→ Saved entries
- - - -

lemma diag_mat_diag_entries:
  fixes v :: "'a::zero^'n::finite^'n"
  assumes "\<forall>i j. i \<noteq> j \<longrightarrow> v $ i $ j = 0"
  shows "diag_mat (\<lambda>i. v $ i $ i) = v"
  using assms by (simp add: diag_mat_def vec_eq_iff)

lemma diag_torus_iff:
  fixes v :: "'a::field^'n::finite^'n"
  shows "v \<in> diag_torus \<longleftrightarrow> (\<forall>i j. i \<noteq> j \<longrightarrow> v $ i $ j = 0) \<and> (\<forall>i. v $ i $ i \<noteq> 0)"
proof -
  have "invertible v \<longleftrightarrow> (\<forall>i. v $ i $ i \<noteq> 0)" if "\<forall>i j. i \<noteq> j \<longrightarrow> v $ i $ j = 0"
    using invertible_diag_mat_iff[of "\<lambda>i. v $ i $ i"] unfolding diag_mat_diag_entries[OF that] .
  then show ?thesis
    by (auto simp: diag_torus_def GL_def)
qed

lemma mat_1_in_diag_torus: "mat 1 \<in> (diag_torus :: ('a::field^'n::finite^'n) set)"
  by (simp add: diag_torus_iff mat_def)

lemma diag_torus_subset_Xset:
  assumes "p \<ge> 1"
  shows "(diag_torus :: ('a::field^'n::finite^'n) set) \<subseteq> Xset p"
proof
  fix v :: "'a^'n^'n"
  assume "v \<in> diag_torus"
  then have off: "\<forall>i j. i \<noteq> j \<longrightarrow> v $ i $ j = 0" and diag: "\<forall>i. v $ i $ i \<noteq> 0"
    by (simp_all add: diag_torus_iff)
  define d where "d i = v $ i $ i" for i
  have v: "v = diag_mat d"
    unfolding d_def[abs_def] diag_mat_diag_entries[OF off] ..
  have d: "\<forall>i. d i \<noteq> 0"
    using diag by (simp add: d_def)
  have "epow (mpow v m) p = mpow (epow v p) m" for m
    using assms by (simp add: v mpow_diag_mat epow_diag_mat power_mult[symmetric] mult.commute)
  moreover have "epow (mpow v m) p ** epow (mpow (matrix_inv v) m) p = mat 1" for m
    using assms d by (simp add: v matrix_inv_diag_mat mpow_diag_mat epow_diag_mat diag_mat_mult
        mat_1_eq_diag_mat power_mult_distrib[symmetric] power_inverse[symmetric])
  moreover have "v \<in> GL"
    using d by (simp add: v GL_def invertible_diag_mat_iff)
  ultimately show "v \<in> Xset p"
    unfolding Xset_def by blast
qed

section \<open>Irreducibility\<close>

lemma zariski_closed_GL_diag_torus: "zariski_closed_GL (diag_torus :: ('a::field^'n^'n) set)"
  unfolding zariski_closed_GL_def
proof (intro exI conjI)
  let ?S = "{f. \<exists>i j. i \<noteq> j \<and> f = (\<lambda>v :: 'a^'n^'n. v $ i $ j)}"
  show "?S \<subseteq> poly_fun"
    using poly_fun.entry by blast
  show "diag_torus = {v \<in> GL. \<forall>f\<in>?S. f v = 0}"
    unfolding diag_torus_def by auto
qed

lemma zariski_closed_GL_zero_set: "h \<in> poly_fun \<Longrightarrow> zariski_closed_GL {v \<in> GL. h v = 0}"
  unfolding zariski_closed_GL_def by (intro exI[of _ "{h}"]) auto

definition line_through :: "'a::field^'n^'n \<Rightarrow> 'a^'n^'n \<Rightarrow> 'a \<Rightarrow> 'a^'n^'n" where
  "line_through a b t = (\<chi> i j. a $ i $ j + t * (b $ i $ j - a $ i $ j))"

lemma line_through_0: "line_through a b 0 = a"
  by (simp add: line_through_def vec_eq_iff)

lemma line_through_1: "line_through a b 1 = b"
  by (simp add: line_through_def vec_eq_iff)

lemma poly_fun_along_line:
  assumes "f \<in> poly_fun"
  shows "\<exists>q. \<forall>t. poly q t = f (line_through a b t)"
  using assms
proof (induction rule: poly_fun.induct)
  case (const c)
  show ?case by (intro exI[of _ "[:c:]"]) simp
next
  case (entry i j)
  show ?case
    by (intro exI[of _ "[:a $ i $ j, b $ i $ j - a $ i $ j:]"]) (simp add: line_through_def algebra_simps)
next
  case (add f g)
  then obtain q r where "\<forall>t. poly q t = f (line_through a b t)" "\<forall>t. poly r t = g (line_through a b t)"
    by blast
  then show ?case by (intro exI[of _ "q + r"]) simp
next
  case (mult f g)
  then obtain q r where "\<forall>t. poly q t = f (line_through a b t)" "\<forall>t. poly r t = g (line_through a b t)"
    by blast
  then show ?case by (intro exI[of _ "q * r"]) simp
qed

lemma poly_fun_nonvanishing_on_line:
  fixes a b :: "'a::field^'n^'n"
  assumes "infinite (UNIV :: 'a set)" "finite F" "F \<subseteq> poly_fun"
    and "\<And>f. f \<in> F \<Longrightarrow> f a \<noteq> 0 \<or> f b \<noteq> 0"
  shows "\<exists>t. \<forall>f\<in>F. f (line_through a b t) \<noteq> 0"
proof -
  have "\<forall>f\<in>F. \<exists>q. \<forall>t. poly q t = f (line_through a b t)"
    using assms(3) poly_fun_along_line by blast
  then obtain q where q: "\<And>f t. f \<in> F \<Longrightarrow> poly (q f) t = f (line_through a b t)"
    by (metis bchoice)
  have "q f \<noteq> 0" if "f \<in> F" for f
  proof
    assume "q f = 0"
    then have "f a = 0" "f b = 0"
      using q[OF that, of 0] q[OF that, of 1] by (simp_all add: line_through_0 line_through_1)
    with assms(4)[OF that] show False
      by simp
  qed
  then have "(\<Prod>f\<in>F. q f) \<noteq> 0"
    using assms(2) by simp
  then have "finite {t. poly (\<Prod>f\<in>F. q f) t = 0}"
    by (rule poly_roots_finite)
  then obtain t where "poly (\<Prod>f\<in>F. q f) t \<noteq> 0"
    using ex_new_if_finite[OF assms(1)] by auto
  then have "poly (q f) t \<noteq> 0" if "f \<in> F" for f
    using assms(2) that by (simp add: poly_prod)
  then show ?thesis
    using q by auto
qed

lemma diag_torus_common_nonzero:
  fixes a b :: "'a::field^'n::finite^'n"
  assumes "infinite (UNIV :: 'a set)" "a \<in> diag_torus" "b \<in> diag_torus"
    and "f \<in> poly_fun" "g \<in> poly_fun" "f a \<noteq> 0" "g b \<noteq> 0"
  shows "\<exists>v\<in>diag_torus. f v \<noteq> 0 \<and> g v \<noteq> 0"
proof -
  let ?F = "insert f (insert g ((\<lambda>i v. v $ i $ i) ` UNIV))"
  have "\<exists>t. \<forall>h\<in>?F. h (line_through a b t) \<noteq> 0"
  proof (rule poly_fun_nonvanishing_on_line[OF assms(1)])
    show "finite ?F"
      by simp
    show "?F \<subseteq> poly_fun"
      using assms(4,5) by (auto intro: poly_fun.entry)
    show "h a \<noteq> 0 \<or> h b \<noteq> 0" if "h \<in> ?F" for h
      using that assms(2,6,7) by (auto simp: diag_torus_iff)
  qed
  then obtain t where t: "f (line_through a b t) \<noteq> 0" "g (line_through a b t) \<noteq> 0"
    "\<And>i. line_through a b t $ i $ i \<noteq> 0"
    by auto
  have "line_through a b t \<in> diag_torus"
    using assms(2,3) t(3) by (simp add: diag_torus_iff line_through_def)
  with t(1,2) show ?thesis
    by blast
qed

- - - -

→ REQUIRED ACTION
Copy whichever lines above contain the string "lambda".

→ TASK RESPONSE
  shows "diag_mat (\<lambda>i. v $ i $ i) = v"
    using invertible_diag_mat_iff[of "\<lambda>i. v $ i $ i"] unfolding diag_mat_diag_entries[OF that] .
  let ?S = "{f. \<exists>i j. i \<noteq> j \<and> f = (\<lambda>v :: 'a^'n^'n. v $ i $ j)}"
  let ?F = "insert f (insert g ((\<lambda>i v. v $ i $ i) ` UNIV))"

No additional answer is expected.